第18話 役に立つ娘になりたい1

 ディアナはその日、護衛を連れてモンタール公爵家の持つ青騎士団へ向かった。目的は、騎士団の施設の中にある魔術師団の建物の一室だ。そこは魔術師団所属の従兄妹クリスが構える実験部屋。アカデミーを卒業し、クリスが昔から言っていた通り、彼は魔法騎士の一人として配属されているのだ。


 クリスの部屋をノックし、どうせ返事などないと分かっているので、ディアナは勝手に部屋に入室した。ディアナが家から連れて来た護衛騎士は、クリスの部屋の前の廊下で待機だ。


 部屋の中はガラクタのような物で散乱しているが、クリス曰く、「どこに何があるか把握しているので、勝手に片付けるな」とのこと。ディアナは家具や物の間を縫うように歩きながら声を出す。


「クリスー?」


 そう声を掛けながら部屋の奥へ進むと、何やらクリスは机の前で真剣な顔で没頭している。ディアナはクリスに近づき、音を遮断する用の耳当てをしているクリスの頬を指でツンとした。
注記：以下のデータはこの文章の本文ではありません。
(* Let $N\ge 5$ be odd, and let $G_{N,1}$ be the graph with vertex set $\mathbb Z_N=\{0,1,\dots,N-1\}$ in which two distinct vertices $i,j$ are adjacent if and only if $j-i\not\equiv\pm1\pmod N$. Put $\Delta=\sqrt{N(N-4)}$ and $\rho=\frac{N-2+\Delta}{2}$. For $u,v\in\mathbb Z_N$ let $q\in\{0,1,\dots,N-1\}$ with $q\equiv v-u\pmod N$. Then the effective resistance between $u$ and $v$ in $G_{N,1}$ (all edges of unit conductance) is \[ R^{(1)}(u,v)=\frac{2}{\Delta(\rho^N+1)}\left\{\rho^N-1+(-1)^q(\rho^q-\rho^{N-q})\right\}. \] Moreover, the right-hand side is invariant under $q\mapsto N-q$, so the resistance depends only on $h(u,v)=\min\{q,N-q\}$, and $R^{(1)}(u,v)>0$ whenever $u\ne v$.
   Context: The effective resistance is that of the electrical network obtained by placing a unit resistor on each edge; equivalently $R(u,v)=(e_u-e_v)^T L^{+}(e_u-e_v)$ with $L^+$ the Moore–Penrose pseudoinverse of the Laplacian. *)

theory Defs
  imports Complex_Main "Jordan_Normal_Form.Matrix"
begin

definition adjN :: "nat \<Rightarrow> nat \<Rightarrow> nat \<Rightarrow> bool" where
  "adjN N i j \<longleftrightarrow> i < N \<and> j < N \<and> i \<noteq> j \<and>
     (int j - int i) mod int N \<noteq> 1 \<and> (int j - int i) mod int N \<noteq> (int N - 1)"

definition degN :: "nat \<Rightarrow> nat \<Rightarrow> nat" where
  "degN N i = card {j. j < N \<and> adjN N i j}"

definition laplacianN :: "nat \<Rightarrow> real mat" where
  "laplacianN N = mat N N (\<lambda>(i,j). if i = j then real (degN N i)
                                  else if adjN N i j then -1 else 0)"

definition pinv :: "real mat \<Rightarrow> real mat" where
  "pinv A = (THE X. X \<in> carrier_mat (dim_col A) (dim_row A) \<and>
                    A * X * A = A \<and> X * A * X = X \<and>
                    transpose_mat (A * X) = A * X \<and> transpose_mat (X * A) = X * A)"

definition eff_res :: "nat \<Rightarrow> nat \<Rightarrow> nat \<Rightarrow> real" where
  "eff_res N u v = (let x = unit_vec N u - unit_vec N v in x \<bullet> (pinv (laplacianN N) *\<^sub>v x))"

definition DeltaN :: "nat \<Rightarrow> real" where
  "DeltaN N = sqrt (real N * (real N - 4))"

definition rhoN :: "nat \<Rightarrow> real" where
  "rhoN N = (real N - 2 + DeltaN N) / 2"

definition resist_formula :: "nat \<Rightarrow> nat \<Rightarrow> real" where
  "resist_formula N q = 2 / (DeltaN N * (rhoN N ^ N + 1)) *
     (rhoN N ^ N - 1 + (-1) ^ q * (rhoN N ^ q - rhoN N ^ (N - q)))"

end

theory Submission
  imports Defs
begin

(* G_{N,1} is the complement of the N-cycle, so its Laplacian is the circulant matrix
   L = (N - 2) I + C + C^T - J, with C the cyclic shift. Circulant matrices commute and multiply
   by cyclic convolution of their first columns. Hence if g solves
     (N - 2) g(m) + g(m - 1) + g(m + 1) = [m = 0] - 1/N   (indices mod N)   and   sum g = 0,
   the circulant X with first column g satisfies L X = X L = I - J/N, which gives the four
   Penrose equations, so X = L^+. As -rho and -1/rho are the roots of s^2 + (N - 2) s + 1,
   the solution is g(m) = -((-rho)^m + (-rho)^(N-m)) / (Delta (1 - (-rho)^N)) - 1/N^2, and
   R(u, v) = 2 (g(0) - g(q)). For odd N, (-rho)^N = -rho^N turns this into the stated formula. *)

(* The residue of i - j is written (i + N - j) mod N, which avoids truncated subtraction on nat
   as long as j \<le> N. *)

lemma int_residue_diff:
  "j \<le> N \<Longrightarrow> int ((i + N - j) mod N) = (int i - int j) mod int N"
proof -
  assume "j \<le> N"
  then have "int (i + N - j) = (int i - int j) + int N" by simp
  then show ?thesis by (simp add: zmod_int)
qed

lemma residue_diff_eq:
  fixes i j N :: nat
  assumes "i < N" "j < N"
  shows "(i + N - j) mod N = (if j \<le> i then i - j else i + N - j)"
proof (cases "j \<le> i")
  case True
  then have "i + N - j = (i - j) + N" by simp
  then have "(i + N - j) mod N = (i - j) mod N" by (simp only: mod_add_self2)
  then show ?thesis using True assms by simp
qed (use assms in simp)

lemma residue_diff_swap:
  fixes i j N :: nat
  assumes "i < N" "j < N" "i \<noteq> j"
  shows "(i + N - j) mod N = N - (j + N - i) mod N"
  using assms by (auto simp: residue_diff_eq)

lemma residue_diff_diff:
  fixes i j k N :: nat
  assumes "j < N" "k < N"
  shows "(((i + N - j) mod N) + N - ((k + N - j) mod N)) mod N = (i + N - k) mod N"
proof -
  have "int ((((i + N - j) mod N) + N - ((k + N - j) mod N)) mod N) = int ((i + N - k) mod N)"
    using assms by (simp add: int_residue_diff mod_diff_eq)
  then show ?thesis by simp
qed

lemma residue_reflect_reflect:
  fixes k m N :: nat
  assumes "k < N"
  shows "(m + N - (m + N - k) mod N) mod N = k"
proof -
  have "int ((m + N - (m + N - k) mod N) mod N) = int k"
    using assms by (simp add: int_residue_diff mod_diff_right_eq)
  then show ?thesis by simp
qed

lemma bij_betw_residue_shift:
  fixes j N :: nat
  assumes "j < N"
  shows "bij_betw (\<lambda>k. (k + N - j) mod N) {..<N} {..<N}"
proof (rule bij_betw_byWitness[where f' = "\<lambda>k. (k + j) mod N"])
  show "\<forall>k\<in>{..<N}. ((k + N - j) mod N + j) mod N = k"
  proof
    fix k assume "k \<in> {..<N}"
    then have "int (((k + N - j) mod N + j) mod N) = int k"
      using assms by (simp add: zmod_int of_nat_diff mod_add_left_eq)
    then show "((k + N - j) mod N + j) mod N = k" by simp
  qed
  show "\<forall>k\<in>{..<N}. ((k + j) mod N + N - j) mod N = k"
  proof
    fix k assume "k \<in> {..<N}"
    then have "int (((k + j) mod N + N - j) mod N) = int k"
      using assms int_residue_diff[of j N "(k + j) mod N"] by (simp add: zmod_int mod_diff_left_eq)
    then show "((k + j) mod N + N - j) mod N = k" by simp
  qed
qed (use assms in auto)

lemma bij_betw_residue_reflect:
  fixes m N :: nat
  assumes "0 < N"
  shows "bij_betw (\<lambda>k. (m + N - k) mod N) {..<N} {..<N}"
  using assms residue_reflect_reflect
  by (intro bij_betw_byWitness[where f' = "\<lambda>k. (m + N - k) mod N"]) auto

lemma sum_residue_shift:
  fixes j N :: nat
  shows "j < N \<Longrightarrow> (\<Sum>k<N. f ((k + N - j) mod N)) = (\<Sum>k<N. f k)"
  using sum.reindex_bij_betw[OF bij_betw_residue_shift[of j N], of f] by simp

lemma sum_residue_reflect:
  fixes m N :: nat
  shows "0 < N \<Longrightarrow> (\<Sum>k<N. f ((m + N - k) mod N)) = (\<Sum>k<N. f k)"
  using sum.reindex_bij_betw[OF bij_betw_residue_reflect[of N m], of f] by simp

section \<open>Circulant matrices\<close>

definition circulant :: "nat \<Rightarrow> (nat \<Rightarrow> 'a) \<Rightarrow> 'a mat" where
  "circulant N a = mat N N (\<lambda>(i, j). a ((i + N - j) mod N))"

definition circ_conv :: "nat \<Rightarrow> (nat \<Rightarrow> 'a :: comm_semiring_0) \<Rightarrow> (nat \<Rightarrow> 'a) \<Rightarrow> nat \<Rightarrow> 'a" where
  "circ_conv N a b m = (\<Sum>k<N. a ((m + N - k) mod N) * b k)"

lemma circulant_carrier [simp]: "circulant N a \<in> carrier_mat N N"
  and dim_row_circulant [simp]: "dim_row (circulant N a) = N"
  and dim_col_circulant [simp]: "dim_col (circulant N a) = N"
  by (simp_all add: circulant_def)

lemma index_circulant [simp]:
  "i < N \<Longrightarrow> j < N \<Longrightarrow> circulant N a $$ (i, j) = a ((i + N - j) mod N)"
  by (simp add: circulant_def)

lemma circulant_cong: "(\<And>m. m < N \<Longrightarrow> a m = b m) \<Longrightarrow> circulant N a = circulant N b"
  by (rule eq_matI) auto

lemma mult_circulant:
  fixes a b :: "nat \<Rightarrow> 'a :: comm_semiring_0"
  shows "circulant N a * circulant N b = circulant N (circ_conv N a b)"
proof (rule eq_matI)
  fix i j assume "i < dim_row (circulant N (circ_conv N a b))" "j < dim_col (circulant N (circ_conv N a b))"
  then have ij: "i < N" "j < N" by simp_all
  define m where "m = (i + N - j) mod N"
  have "(circulant N a * circulant N b) $$ (i, j) = (\<Sum>k<N. a ((i + N - k) mod N) * b ((k + N - j) mod N))"
    using ij by (simp add: scalar_prod_def atLeast0LessThan)
  also have "\<dots> = (\<Sum>k<N. a ((m + N - (k + N - j) mod N) mod N) * b ((k + N - j) mod N))"
    unfolding m_def using ij by (intro sum.cong refl) (simp add: residue_diff_diff)
  also have "\<dots> = circ_conv N a b m"
    unfolding circ_conv_def using sum_residue_shift[OF ij(2)] .
  finally show "(circulant N a * circulant N b) $$ (i, j) = circulant N (circ_conv N a b) $$ (i, j)"
    using ij by (simp add: m_def)
qed simp_all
「わぁ!? ……ディアナ? あれ、今日って君が来る日だったっけ?」


 耳当てを取るクリスに頷いた。


「今日は会う日だよ。集中してたみたいだけど、大丈夫? ちゃんと寝てるの?」

「当たり前じゃないさ。寝不足は美貌の大敵なんだからね」

「ならいいのだけれど。きりがいいのならお茶にしましょう。苺タルトを持ってきたの」

「いいね。すぐに行くから、あっちのテーブルに行ってて」

「分かった」


 部屋は散乱してはいるが、一つのテーブルだけは綺麗なままだ。いつもここで食事したりはしているらしい。クリスはエデッド侯爵家の次男だけれど、あまり家には帰らずここで寝泊りしている。


 テーブルの上にあるポットに水を入れ、そのままテーブルに置いておく。これは魔道具の一種で、五分ほどするとお湯が沸く仕組みなのだ。家から持ってきたお茶セットと苺タルトを用意していると、クリスが椅子に座った。


「君が来てくれてちょうどよかったよ。お腹空いてたかも」

「朝食と昼食は食べてないの?」

「朝食は食べたよ。昼食は忘れてた」

「もう。食事はしないと駄目よ。また魔道具の開発に熱中してたのね」

「まあね。任務のない時しかできないからさぁ」


 青騎士団所属のクリスだが、その中でも魔術師団は特殊で、一般騎士より外での活動の拘束時間は長くない。その代わり、特殊な任務に就くことことが多いわけだが、任務以外の時間は比較的自由があるという。魔力が高く魔法の才能もあるクリスは、魔道具作りを趣味にしていて、時間があれば自室で魔道具作りに精を出しているのだ。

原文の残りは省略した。